(* Let $k\in\{1,2\}$, $\beta\in\mathbb{R}\setminus\{0\}$, $h>0$, let $\varphi^h\in\ell^2_h(\mathbb{Z})$ be real-valued and let $u^h$ be the solution of $$\frac{d}{dt}u^h_j + D_+D_0D_-u^h_j + \beta\frac{k+1}{k+2}\Big[(u^h_j)^k D_0u^h_j + D_0\big((u^h)^{k+1}\big)_j\Big] + h\,(D_+D_-D_+D_-u^h)_j=0,\quad j\in\mathbb{Z},\qquad u^h(0)=\varphi^h.$$ Then for all $t>0$, $\|u^h(t)\|_{2,h}\le\|\varphi^h\|_{2,h}$. In particular $u^h$ is a global solution.
   Context: $x_j=jh$; $\ell^2_h(\mathbb{Z})$ is the space of sequences with $\|z\|_{2,h}^2=\sum_j h|z_j|^2<\infty$. $D_+u_j=(u_{j+1}-u_j)/h$, $D_-u_j=(u_j-u_{j-1})/h$, $D_0u_j=(u_{j+1}-u_{j-1})/(2h)$; powers of sequences are componentwise. *)

theory Defs
  imports "HOL-Analysis.Analysis"
begin

text \<open>Grid sequences are functions int => real (index j corresponds to x_j = j h).\<close>

definition l2h :: "(int \<Rightarrow> real) \<Rightarrow> bool" where
  "l2h z \<longleftrightarrow> (\<lambda>j. (z j)^2) summable_on UNIV"

definition norm2h :: "real \<Rightarrow> (int \<Rightarrow> real) \<Rightarrow> real" where
  "norm2h h z = sqrt (infsum (\<lambda>j. h * (z j)^2) UNIV)"

definition Dp :: "real \<Rightarrow> (int \<Rightarrow> real) \<Rightarrow> int \<Rightarrow> real" where
  "Dp h u j = (u (j+1) - u j) / h"

definition Dm :: "real \<Rightarrow> (int \<Rightarrow> real) \<Rightarrow> int \<Rightarrow> real" where
  "Dm h u j = (u j - u (j-1)) / h"

definition D0 :: "real \<Rightarrow> (int \<Rightarrow> real) \<Rightarrow> int \<Rightarrow> real" where
  "D0 h u j = (u (j+1) - u (j-1)) / (2*h)"

definition Fh :: "nat \<Rightarrow> real \<Rightarrow> real \<Rightarrow> (int \<Rightarrow> real) \<Rightarrow> int \<Rightarrow> real" where
  "Fh k \<beta> h u j =
     Dp h (D0 h (Dm h u)) j
     + \<beta> * (real k + 1) / (real k + 2) * ((u j)^k * D0 h u j + D0 h (\<lambda>i. (u i)^(k+1)) j)
     + h * Dp h (Dm h (Dp h (Dm h u))) j"

definition has_l2h_deriv ::
  "real \<Rightarrow> (real \<Rightarrow> int \<Rightarrow> real) \<Rightarrow> (int \<Rightarrow> real) \<Rightarrow> real \<Rightarrow> real set \<Rightarrow> bool" where
  "has_l2h_deriv h u v t S \<longleftrightarrow> l2h v \<and>
     ((\<lambda>s. norm2h h (\<lambda>j. (u s j - u t j) / (s - t) - v j)) \<longlongrightarrow> 0) (at t within S)"

definition is_solution ::
  "nat \<Rightarrow> real \<Rightarrow> real \<Rightarrow> (int \<Rightarrow> real) \<Rightarrow> real set \<Rightarrow> (real \<Rightarrow> int \<Rightarrow> real) \<Rightarrow> bool" where
  "is_solution k \<beta> h \<phi> I u \<longleftrightarrow> u 0 = \<phi> \<and>
     (\<forall>t\<in>I. l2h (u t) \<and> has_l2h_deriv h u (\<lambda>j. - Fh k \<beta> h (u t) j) t I)"

end

(* The scheme is an ODE u' = -F(u) in the Hilbert space l^2. Summation by parts (D_+ and -D_- are
   adjoint, D_0 is skew-adjoint) gives <u, F u> = h |D_+ D_- u|^2 >= 0: the Airy term cancels, and so
   does the nonlinearity, since <u, u^k D_0 u> = <u^(k+1), D_0 u> = - <u, D_0 (u^(k+1))>. Hence the norm
   does not increase along any solution. F is Lipschitz on bounded sets, so multiplying it by a cutoff
   that vanishes outside the ball of radius 2R, R > |phi|, gives a globally Lipschitz field with the same
   dissipativity. Picard iteration in a Bielecki norm solves that ODE for all t >= 0, and by the energy
   estimate its solution stays in the ball of radius R, where the cutoff is inactive. *)

theory Submission
  imports Defs
begin

section \<open>Square-summable grid sequences\<close>

lemma l2h_zero: "l2h (\<lambda>_. 0)"
  by (simp add: l2h_def)

lemma l2h_add:
  assumes "l2h f" "l2h g"
  shows "l2h (\<lambda>j. f j + g j)"
proof -
  have "(\<lambda>j. 2 * (f j)^2 + 2 * (g j)^2) summable_on UNIV"
    using assms unfolding l2h_def by (intro summable_on_add summable_on_cmult_right)
  moreover have "(f j + g j)^2 \<le> 2 * (f j)^2 + 2 * (g j)^2" for j
    using zero_le_power2[of "f j - g j"] unfolding power2_diff power2_sum by linarith
  ultimately show ?thesis
    unfolding l2h_def by (rule summable_on_comparison_test) auto
qed

lemma l2h_cmult:
  assumes "l2h f"
  shows "l2h (\<lambda>j. c * f j)"
  using summable_on_cmult_right[of _ UNIV "c^2"] assms
  by (simp add: l2h_def power_mult_distrib)

lemma l2h_diff:
  assumes "l2h f" "l2h g"
  shows "l2h (\<lambda>j. f j - g j)"
  using l2h_add[OF assms(1) l2h_cmult[OF assms(2), of "-1"]] by simp

lemma l2h_mult_summable:
  assumes "l2h f" "l2h g"
  shows "(\<lambda>j. f j * g j) summable_on UNIV"
proof -
  have "(\<lambda>j. (f j)^2 + (g j)^2) summable_on UNIV"
    using assms unfolding l2h_def by (intro summable_on_add)
  moreover have "norm (f j * g j) \<le> (f j)^2 + (g j)^2" for j
    using zero_le_power2[of "\<bar>f j\<bar> - \<bar>g j\<bar>"] mult_nonneg_nonneg[OF abs_ge_zero abs_ge_zero, of "f j" "g j"]
    unfolding power2_diff power2_abs real_norm_def abs_mult by linarith
  ultimately have "(\<lambda>j. norm (f j * g j)) summable_on UNIV"
    by (rule summable_on_comparison_test) auto
  then show ?thesis
    using summable_on_iff_abs_summable_on_real by blast
qed

lemma l2h_square_le_infsum:
  assumes "l2h f"
  shows "(f j)^2 \<le> infsum (\<lambda>j. (f j)^2) UNIV"
  using finite_sum_le_infsum[of "\<lambda>j. (f j)^2" UNIV "{j}"] assms by (simp add: l2h_def)

lemma l2h_mult:
  assumes "l2h f" "l2h g"
  shows "l2h (\<lambda>j. f j * g j)"
proof -
  let ?C = "infsum (\<lambda>j. (f j)^2) UNIV"
  have "(\<lambda>j. ?C * (g j)^2) summable_on UNIV"
    using assms unfolding l2h_def by (intro summable_on_cmult_right)
  moreover have "(f j * g j)^2 \<le> ?C * (g j)^2" for j
    using l2h_square_le_infsum[OF assms(1), of j] by (simp add: power_mult_distrib mult_right_mono)
  ultimately show ?thesis
    unfolding l2h_def by (rule summable_on_comparison_test) auto
qed

lemma bij_betw_add_int: "bij_betw (\<lambda>j::int. j + n) UNIV UNIV"
  by (rule bij_betwI[where g="\<lambda>j. j - n"]) auto

lemma l2h_shift:
  assumes "l2h f"
  shows "l2h (\<lambda>j. f (j + n))"
  using assms summable_on_reindex_bij_betw[OF bij_betw_add_int[of n], of "\<lambda>j. (f j)^2"]
  by (simp add: l2h_def)

lemma infsum_shift_int: "infsum (\<lambda>j. g (j + n)) UNIV = infsum g (UNIV :: int set)"
  using infsum_reindex_bij_betw[OF bij_betw_add_int[of n], of g] by simp

text \<open>The inner product of \<open>ell2\<close> carries no grid weight; \<open>norm2h h\<close> is \<open>sqrt h\<close> times its norm.\<close>

typedef ell2 = "Collect l2h"
  using l2h_zero by blast

setup_lifting type_definition_ell2

lemma l2h_Rep_ell2 [simp]: "l2h (Rep_ell2 x)"
  using Rep_ell2 by simp

lemma Rep_ell2_Abs_ell2: "l2h z \<Longrightarrow> Rep_ell2 (Abs_ell2 z) = z"
  by (simp add: Abs_ell2_inverse)

instantiation ell2 :: real_vector
begin
lift_definition zero_ell2 :: ell2 is "\<lambda>_. 0" by (simp add: l2h_zero)
lift_definition plus_ell2 :: "ell2 \<Rightarrow> ell2 \<Rightarrow> ell2" is "\<lambda>f g j. f j + g j"
  by (simp add: l2h_add)
lift_definition uminus_ell2 :: "ell2 \<Rightarrow> ell2" is "\<lambda>f j. - f j"
  using l2h_cmult[of _ "-1"] by simp
lift_definition minus_ell2 :: "ell2 \<Rightarrow> ell2 \<Rightarrow> ell2" is "\<lambda>f g j. f j - g j"
  by (simp add: l2h_diff)
lift_definition scaleR_ell2 :: "real \<Rightarrow> ell2 \<Rightarrow> ell2" is "\<lambda>c f j. c * f j"
  by (simp add: l2h_cmult)
instance
  by standard (transfer; auto simp: algebra_simps)+
end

Task objective
Count up the lines containing "blast" in the listing above, then write that number and stop.

Exercise solution
2